1330 - Epidermal growth factor receptor (EGFR) tyrosine kinase inhibitors (TKIs) erlotinib and gefitinib in the treatment of patients with brain metastases...

Date 28 September 2012
Event ESMO Congress 2012
Session Publication Only
Topics Anti-Cancer Agents & Biologic Therapy
Non-Small-Cell Lung Cancer, Metastatic
Presenter David Naskhletashvili
Authors D.R. Naskhletashvili1, V. Gorbounova2
  • 1Neurooncology Dept., Russian N.N. Blokhin Cancer Research Center, 115478 - Moscow/RU
  • 2Dept. Of Chemotherapy, N.N.Blokhin Russian Cancer Research Center of RAMN, 115478 - Moscow/RU



About 30–40% of all patients (pts) with NSCLC develop BM, leading to a poor prognosis and a median survival of <6 months after whole brain radiotherapy. The role of systemic chemotherapy in the management of BM is controversial. This study was designed to evaluate EGFR TKIs erlotinib and gefitinib in NSCLC pts with BM.

Patients and methods

Eligible pts had confirmed NSCLC and BM (≥1 lesion of ≥10mm diameter) aged >18 years with ECOG performanse status (PS) of 0–2. 15 pts received gefitinib (250mg/day) and 6 pts received erlotinib (150 mg/day) until radiologically-verified progressive disease. The primary endpoints were objective response rate (ORR) - complete and partial response in the brain and progressive-free survival (PFS) depending on presence of EGFR mutations. Secondary endpoint was the median of survival (MoS). From June 2007 to April 2012, 21 pts were enrolled in this study. Demographics were: median age: 54 years (range 46–80 years); male/female: 7/14; PS 1/2: 17/4; previously treated/untreated: 13/8; adenocarcinoma/squamous cancer: 19/2; number of BM ≤3/ > 3 14/7; non-smoker/smoker: 13/8, with EGFR mutations/without EGFR mutations – 12/9.

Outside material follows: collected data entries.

section \<open>The sign of H' at b/2 - d - x_beta\<close>

lemma slope_nonpos_below_deltacheck:
  assumes beta: "b > beta_c" and d: "b/2 < d" "d < deltacheck b"
  shows "K1 b 0 (d - b/2) (b/2 - d - xbeta b) \<le> 0"
proof -
  let ?c = "d - b/2" and ?s = "b/2 - d - xbeta b"
  note x = xbeta_spec[OF beta]
  have c: "0 < ?c" "?c < xbeta b" using d deltacheck_eq[OF beta] by auto
  have db: "0 < d" "d < b" using c x by auto
  have s: "?s \<in> {-d<..<b - d}" "?s < 0" using x c by auto
  have "L0 b ?c \<le> L0 b (xbeta b)" using c x by (intro L0_mono_abs) auto
  then have "0 \<le> (0 + 1/2) * (L0 b (?s * (1 + 0) + ?c) - L0 b (?s * 0 + ?c))"
    using L0_minus[of b "xbeta b"] by simp
  also have "\<dots> \<le> ?s * K1 b 0 ?c ?s"
    by (rule K1_trapezoid_lower[OF lines_in_domain_H[OF db] s(1)])
  finally show ?thesis using s(2) by (simp add: mult_le_0_iff zero_le_mult_iff)
qed

lemma continuous_on_slope_at_minus_xbeta:
  assumes "b > beta_c"
  shows "continuous_on {0<..<b} (\<lambda>d. K1 b 0 (d - b/2) (b/2 - d - xbeta b))"
proof -
  have x: "- xbeta b \<in> {-b/2<..<b/2}" using xbeta_spec[OF assms] by auto
  have "continuous_on ({0<..<b} \<times> {0..1})
          (\<lambda>(d, x). (x + 0) * L1 b ((b/2 - d - xbeta b) * (x + 0) + (d - b/2)))"
    unfolding case_prod_beta
  proof (intro continuous_intros continuous_on_compose_domain[OF continuous_on_L1])
    fix z :: "real \<times> real" assume "z \<in> {0<..<b} \<times> {0..1}"
    then have "(1 - snd z) * (fst z - b/2) + snd z * (- xbeta b) \<in> {-b/2<..<b/2}"
      using x by (intro convex_comb_in_domain) auto
    moreover have "(b/2 - fst z - xbeta b) * (snd z + 0) + (fst z - b/2)
        = (1 - snd z) * (fst z - b/2) + snd z * (- xbeta b)"
      by (simp add: field_simps)
    ultimately show "(b/2 - fst z - xbeta b) * (snd z + 0) + (fst z - b/2) \<in> {-b/2<..<b/2}"
      by simp
  qed
  from integral_continuous_on_param[OF this[unfolded cbox_interval[symmetric]]]
  show ?thesis unfolding K1_def cbox_interval .
qed

lemma slope_nonpos_below_deltabar:
  assumes beta: "b > beta_c" and d: "0 < d" "d < b" "d \<le> deltabar b"
  shows "K1 b 0 (d - b/2) (b/2 - d - xbeta b) \<le> 0"
proof (rule ccontr)
  define F where "F d' = K1 b 0 (d' - b/2) (b/2 - d' - xbeta b)" for d'
  define S where "S = {d'. 0 < d' \<and> d' < b \<and> deriv (Hf b d') (b/2 - d' - xbeta b) > 0}"
  have S: "S = {d'. 0 < d' \<and> d' < b \<and> 0 < F d'}"
    unfolding S_def F_def using xbeta_spec[OF beta] by (auto simp: deriv_Hf)
  assume "\<not> K1 b 0 (d - b/2) (b/2 - d - xbeta b) \<le> 0"
  then have "0 < F d" unfolding F_def by simp
  then have "d \<in> S" using d unfolding S by simp
  then have "d \<le> Inf S" using d(3) unfolding deltabar_def S_def[symmetric] by (cases "S = {}") auto
  have "isCont F d"
    using continuous_on_slope_at_minus_xbeta[OF beta] d unfolding F_def
    by (simp add: continuous_on_eq_continuous_at)
  then have "(F \<longlongrightarrow> F d) (at_left d)"
    by (simp add: isCont_def filterlim_at_split)
  then have "\<forall>\<^sub>F y in at_left d. 0 < F y \<and> y \<in> {0<..<d}"
    using \<open>0 < F d\<close> d(1) by (intro eventually_conj order_tendstoD(1) eventually_at_left_real)
  then obtain y where "0 < F y" "0 < y" "y < d"
    using eventually_happens'[OF trivial_limit_at_left_real] by fastforce
  then have "y \<in> S" using d unfolding S by simp
  moreover have "bdd_below S" unfolding S by (rule bdd_belowI[of _ 0]) auto
  ultimately have "Inf S \<le> y" by (rule cInf_lower)
  with \<open>d \<le> Inf S\<close> \<open>y < d\<close> show False by linarith
qed

theorem proposition2p6:
  fixes b d :: real
  assumes "b > beta_c" and "0 \<le> d" and "d < b" and "d \<le> deltabar b"
  shows "(delta_c b < d \<and> d < deltacheck b \<longrightarrow> concave_on {0..1} (Wf b d))
       \<and> (deltacheck b < d \<and> d < b \<longrightarrow> convex_on {0..1} (Wf b d))"
proof (intro conjI impI)
  note b = Gam_above_beta_c(1)[OF assms(1)]
  have half_lt_deltacheck: "b/2 < deltacheck b"
    using deltacheck_eq[OF assms(1)] xbeta_spec[OF assms(1)] by simp
  show "concave_on {0..1} (Wf b d)" if d: "delta_c b < d \<and> d < deltacheck b"
  proof (cases "d \<le> b/2")
    case True
    with d delta_c_nonneg[OF b] show ?thesis by (intro Wf_concave_below_half) auto
  next
    case False
    with d slope_nonpos_below_deltacheck[OF assms(1)] show ?thesis
      by (intro Wf_concave_regime[OF assms(1) _ assms(3)]) auto
  qed
  show "convex_on {0..1} (Wf b d)" if d: "deltacheck b < d \<and> d < b"
    using d half_lt_deltacheck b slope_nonpos_below_deltabar[OF assms(1) _ assms(3,4)]
    by (intro Wf_convex_regime[OF assms(1) _ assms(3)]) auto
qed

end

Median PFS was 7 months overall, ORR was 75% (9/12, 8 partial responses, 1 complete response) and the MoS was not reached in patients with EGFR mutations. Median PFS was 2 months overall, no objective responses and the MoS was 4 months in patients without EGFR mutations. Differences are statistically significent in ORR and PFS (p < 0.05).


EGFR TKIs showed high effectiveness and good disease control in patients with brain metastases from NSCLC with EGFR mutations.


All authors have declared no conflicts of interest.